磁层ULF波影响辐射带电子获能过程的模拟研究

Ultra Low Frequency (ULF) waves are a powerful and ubiquitous agent within the magnetosphere, which has been causally linked to acceleration, transport and loss of energetic electrons from the radiation belts by a number of observation and modeling studies. The basis of this project is that a crucial factor affecting the energization of radiation belt electrons by ULF waves is the accessibility of ULF wave power to zones within the magnetosphere where power coupling between the waves and electrons is most efficient. For anti-sunward propagating waves launched along the dayside magnetopause, such a zone is the afternoon/evening sector, where the adiabatic orbital drift motion of electrons is also anti-sunward, allowing the possibility of drift-resonance. The accessibility of ULF waves to this region is determined by the local Alfvén speed (which is a function of the magnetic field strength and plasma mass density), and is highly inhomogeneous, causing strong wave refraction and reflection, particularly at the plasmapause. The plasma density and plasmapause structure in the afternoon sector of the magnetosphere is particularly dynamic during periods of magnetospheric activity and enhanced convection, as the plasmaspheric drainage plume produced in these circumstances passes through this region. This has a strong effect on the accessibility of ULF wave power to this region, and thereby on the potential for energization of radiation belt electrons by drift resonance. While global MHD simulations and ULF wave models have been employed to investigate ULF wave activity and electron energization by drift resonance, the plasma density models in these simulations have been highly idealized, with greater emphasis paid to inhomogeneity in the magnetic field. To date the effect of the plasmaspheric drainage plume in the context of ULF waves and radiation belt energization has remained unexplored. The purpose of this proposal is to fill this knowledge gap. This will be done by a systematic study using a 2D (equatorial) and 3D MHD wave models for ULF waves in the magnetosphere, and a model for the plasmasphere that includes drainage plume dynamics. The effect of the waves on radiation belt dynamics will be calculated using a test-kinetic model for equatorially mirroring and bounce-averaged electron trajectories. Validation of the model results will be sought using ground-based and satellite borne observations.

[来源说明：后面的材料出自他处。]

lemma indep_count_growth:
  fixes \<rho> :: "('a::{finite,field}^'n) set \<Rightarrow> nat"
  assumes "q_matroid \<rho>" "Suc k \<le> \<rho> UNIV"
  shows "indep_count \<rho> k * (CARD('a) ^ CARD('n) - CARD('a) ^ (CARD('n) - 1))
    \<le> indep_count \<rho> (Suc k) * ((CARD('a) ^ Suc k - 1) * CARD('a) ^ k)"
proof -
  define I where "I d = {U. q_independent \<rho> U \<and> vec.dim U = d}" for d
  define complement_pairs where
    "complement_pairs x = (SIGMA v:x - {0}. line_complements v x)" for x :: "('a^'n) set"
  let ?extensions = "SIGMA y:I k. - q_closure \<rho> y"
  have "indep_count \<rho> k * (CARD('a) ^ CARD('n) - CARD('a) ^ (CARD('n) - 1))
      \<le> (\<Sum>y\<in>I k. card (- q_closure \<rho> y))"
    unfolding indep_count_def I_def using card_Compl_q_closure_ge[OF assms(1)] assms(2)
    by (intro sum_bounded_below[where 'a=nat, simplified]) (auto simp: q_independent_def)
  also have "\<dots> = card ?extensions" by (simp add: card_SigmaI)
  also have "\<dots> \<le> card (\<Union>x\<in>I (Suc k). complement_pairs x)"
  proof (rule card_inj_on_le[where f = "\<lambda>(y, v). (v, y)"])
    show "(\<lambda>(y, v). (v, y)) ` ?extensions \<subseteq> (\<Union>x\<in>I (Suc k). complement_pairs x)"
    proof clarify
      fix y v assume y: "y \<in> I k" and v: "v \<notin> q_closure \<rho> y"
      let ?x = "vec.span (insert v y)"
      have "q_independent \<rho> y" using y by (simp add: I_def)
      note extension = q_independent_span_insert[OF assms(1) this v]
      then have "?x \<in> I (Suc k)"
        using y by (auto simp: I_def line_complements_def)
      moreover note extension(2)
      moreover have "v \<noteq> 0"
        using y v subset_q_closure[of y \<rho>] vec.subspace_0[of y]
        by (auto simp: I_def q_independent_def)
      then have "v \<in> ?x - {0}" by (simp add: vec.span_base)
      ultimately show "(v, y) \<in> (\<Union>x\<in>I (Suc k). complement_pairs x)"
        unfolding complement_pairs_def by blast
    qed
  qed (auto simp: inj_on_def)
  also have "\<dots> \<le> (\<Sum>x\<in>I (Suc k). card (complement_pairs x))"
    by (rule card_UN_le) simp
  also have "\<dots> = (\<Sum>x\<in>I (Suc k). (CARD('a) ^ Suc k - 1) * CARD('a) ^ k)"
    using card_line_complement_pairs[where 'a='a and 'n='n]
    by (intro sum.cong) (auto simp: I_def complement_pairs_def q_independent_def)
  also have "\<dots> = indep_count \<rho> (Suc k) * ((CARD('a) ^ Suc k - 1) * CARD('a) ^ k)"
    by (simp add: indep_count_def I_def)
  finally show ?thesis .
qed

lemma power_Suc_minus_one_less:
  fixes q :: nat
  assumes "2 \<le> q" and "Suc k < n"
  shows "q ^ Suc k - 1 < q ^ n - q ^ (n - 1)"
proof -
  obtain m where m: "n = Suc m" using assms(2) by (cases n) auto
  have "q ^ Suc k \<le> q ^ m" using assms m by (intro power_increasing) auto
  moreover have "2 * q ^ m \<le> q ^ n" using assms(1) m by simp
  moreover have "0 < q ^ Suc k" using assms(1) by simp
  moreover have "q ^ (n - 1) = q ^ m" using m by simp
  ultimately show ?thesis by linarith
qed
(* Let $\mathcal{C}$ be a category and $F\colon\mathcal{C}\to\mathcal{E}ns$ a functor satisfying Grothendieck's axioms G0–G6 below (in either variant). Then the full subcategory $\mathcal{C}on(\mathcal{C})$ of non-empty connected objects of $\mathcal{C}$, together with the restriction of $F$ to it, satisfies the axioms C0–C3 below.
   Context: An arrow $f\colon X\to Y$ is a strict epimorphism if for every $g\colon X\to Z$ compatible with $f$ (for all objects $C$ and $u,v\colon C\to X$, $f\circ u=f\circ v$ implies $g\circ u=g\circ v$) there is a unique $k$ with $g=k\circ f$. For a group $H$ acting on an object $X$ by automorphisms (homomorphism $H\to\mathrm{Aut}(X)^{op}$) the quotient $q\colon X\to X/H$ is universal among arrows with $q\circ h=q$ for all $h\in H$. An object $X$ is finite if $F(X)$ is finite. An object $A$ is connected if $A\cong A_1\amalg A_2$ implies $A_1$ or $A_2$ is initial; non-empty means not initial. Grothendieck's axioms (two variants: "coproducts" in G2, G5 means either arbitrary small coproducts, or only finite coproducts): G0: for every $X$ and $x\in F(X)$ there are a finite object $Y$, $y\in F(Y)$ and $f\colon Y\to X$ with $F(f)(y)=x$. G1: $\mathcal{C}$ has a terminal object and fibre products. G2: $\mathcal{C}$ has an initial object, coproducts, and quotients of objects by actions of finite groups. G3: every $f\colon X\to Y$ factors as a strict epimorphism $X\to I$ followed by a monomorphism $I\to Y$, and there is a subobject $J\to Y$ with $I\amalg J\cong Y$ via the induced map. G4: $F$ preserves finite limits. G5: $F$ preserves the initial object, coproducts, quotients by actions of finite groups, and sends strict epimorphisms to surjections. G6: $F$ reflects isomorphisms. For a pair $(\mathcal{D},F)$, the diagram $\Gamma_F$ has objects $(a,A)$, $a\in F(A)$, and morphisms $(a,A)\to(a',A')$ the arrows $f$ with $F(f)(a)=a'$, preordered by existence of morphisms. Axioms C0–C3 for $(\mathcal{D},F)$: C0: $F(A)\neq\emptyset$ for all $A$ and every arrow of $\mathcal{D}$ is a strict epimorphism. C1: for every $A$ and finite group $H$ acting on $A$, the quotient $A\to A/H$ exists in $\mathcal{D}$ and $F(A)/H\to F(A/H)$ is bijective. C2: each $F(A)$ is finite and $F$ sends strict epimorphisms to surjections. C3: every finite family of objects of $\Gamma_F$ has a meet. *)

theory Defs
  imports "HOL-Algebra.Group"
begin

record ('o, 'a) cat =
  cat_obj :: "'o set"
  cat_arr :: "'a set"
  cat_dom :: "'a \<Rightarrow> 'o"
  cat_cod :: "'a \<Rightarrow> 'o"
  cat_id  :: "'o \<Rightarrow> 'a"
  cat_comp :: "'a \<Rightarrow> 'a \<Rightarrow> 'a"   (* cat_comp C g f = g \<circ> f *)

definition hom :: "('o,'a) cat \<Rightarrow> 'o \<Rightarrow> 'o \<Rightarrow> 'a set" where
  "hom C X Y = {f \<in> cat_arr C. cat_dom C f = X \<and> cat_cod C f = Y}"
(* Let $0<\delta<1/10$. Any one-way (Alice to Bob) communication protocol for the $\mathsf{Overwrite}$ problem that errs with probability at most $\delta$ over inputs drawn from $\mathcal{D}_{\mathsf{Overwrite}}$ has communication complexity $\Omega(n)$ with respect to $\mathcal{D}_{\mathsf{Overwrite}}$.
   Context: In $\mathsf{Overwrite}$, Alice gets $X^A\in\{0,1,*\}^n$ and Bob gets $X^B\in\{0,1\}^n$ and an index $i^*\in[n]$, with the promise that for every $i\ne i^*$ either $X^A_i=X^B_i$ or $X^A_i=*$. Alice sends one message to Bob, who must output $X^A_{i^*}$; if $X^A_{i^*}=*$ both outputs $0$ and $1$ are correct. The distribution $\mathcal{D}_{\mathsf{Overwrite}}$: choose $i^*$ uniformly from $[n]$ and $X^B$ uniformly from $\{0,1\}^n$; set $X^A_{i^*}$ to $*$ with probability $1/2$, to $0$ with probability $1/4$ and to $1$ with probability $1/4$; independently for each $i\ne i^*$, set $X^A_i=*$ with probability $1/2$ and $X^A_i=X^B_i$ with probability $1/2$. Communication complexity with respect to a distribution is the expected message length (in bits) on inputs drawn from it. *)

theory Defs
  imports "HOL-Probability.Probability"
begin

text \<open>Alice's symbols in {0,1,*}: None = *, Some False = 0, Some True = 1.
  Indices [n] are represented by {0..<n}; inputs are functions on nat that take a
  default value outside {0..<n}.\<close>

type_synonym alice_input = "nat \<Rightarrow> bool option"
type_synonym bob_input = "nat \<Rightarrow> bool"

definition star_coord_pmf :: "bool option pmf" where
  "star_coord_pmf = do { s \<leftarrow> bernoulli_pmf (1/2);
                          if s then return_pmf None else map_pmf Some (bernoulli_pmf (1/2)) }"

definition other_coord_pmf :: "bool \<Rightarrow> bool option pmf" where
  "other_coord_pmf b = map_pmf (\<lambda>s. if s then None else Some b) (bernoulli_pmf (1/2))"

磁层超低频波(ULF波)携带能量，对辐射带电子的加速、输运和损失有重要影响。本项目针对ULF波是否可以进入磁层及其有效加速辐射带电子的区域展开模拟研究。磁层昏侧区域，电子背日漂移，是发生漂移共振的理想场所。ULF波能否进入该区域，取决于当地阿尔芬速度的大小。在等离子体层顶附近，密度梯度很大，波往往被折射和反射。在地磁活跃期，昏侧等离子体层的密度、结构高度变化，形成向日延伸的羽状结构（plume），使得ULF波进入该区域并有效加速电子成为可能。本项目将使用2D(赤道面) 模型进而发展为3D模型进行模拟，考虑包含等离子体层羽状结构的等离子层模型，系统研究羽状结构对ULF波进入并加速辐射带电子的影响，同时辅助以观测检验。通过本项目的研究，我们有望对磁层ULF波的分布以及辐射点电子来源等问题形成崭新的认识。

该项目旨在解决以下科学问题：近地空间内冷等离子体密度结构的演变如何影响整个磁层内超低频 (ULF) 波的分布，以及这种波动是如何与辐射带电子相互作用？通过相关的数值模拟与数据观测进行研究，最终这些工作在美国地球物理期刊上发表。 Degeling 等人（2018 年）使用最新开发的三维 MHD 波动模型进行的数值模拟，以研究不断演化的等离子体密度羽状结构是如何影响外部驱动的 ULF 波传播的。结果表明，由于等离子体层羽状结构在局部的共振结构激发，在磁层昏侧，波动能量进入内磁层的情况变得依赖于频率。这些特征模式随着羽状结构在空间尺度上变窄而演化，进而影响粒子的能量范围——波可以与之共振相互作用（手稿正在准备中）。 Zang 等人 (2019) 中给出了的观测示例显示了在晨侧扇区中，剩余狭窄的等离子体羽状结构内发生局部激发的极向模式 ULF 波，并详细说明了与高能粒子局部共振相互作用的观察结果。 Degeling 等人 (2019) 从理论上探讨了场线共振 (FLR) 结构中的漂移共振对粒子的激励，并且表明除此之外，强峰值 FLR 还可以产生除由标准理论预测新的漂移共振。这些可以增强 ULF 波与辐射带电子相互作用的能力，并增强随机传输过程（手稿正在准备中）。在 FLR 随时间演化的过程中，它们的空间尺度可能会缩小到单流体 MHD 理论失效的地步，此时必须应用双流体或全动理学理论。除此以外，还与 R. Rankin 教授（加拿大阿尔伯塔大学）合作，在 Space Science Reviews 上发表了一篇描述动理学尺度剪切 Alfven Waves、极光电子加速和 FLR 之间关系的综述文章。项目执行期间，标注本项目发表和接收SCI文章6篇，其中一作/通讯SCI论文3篇，共有6篇发表在Space science review、GRL、JGR等业内重要刊物上。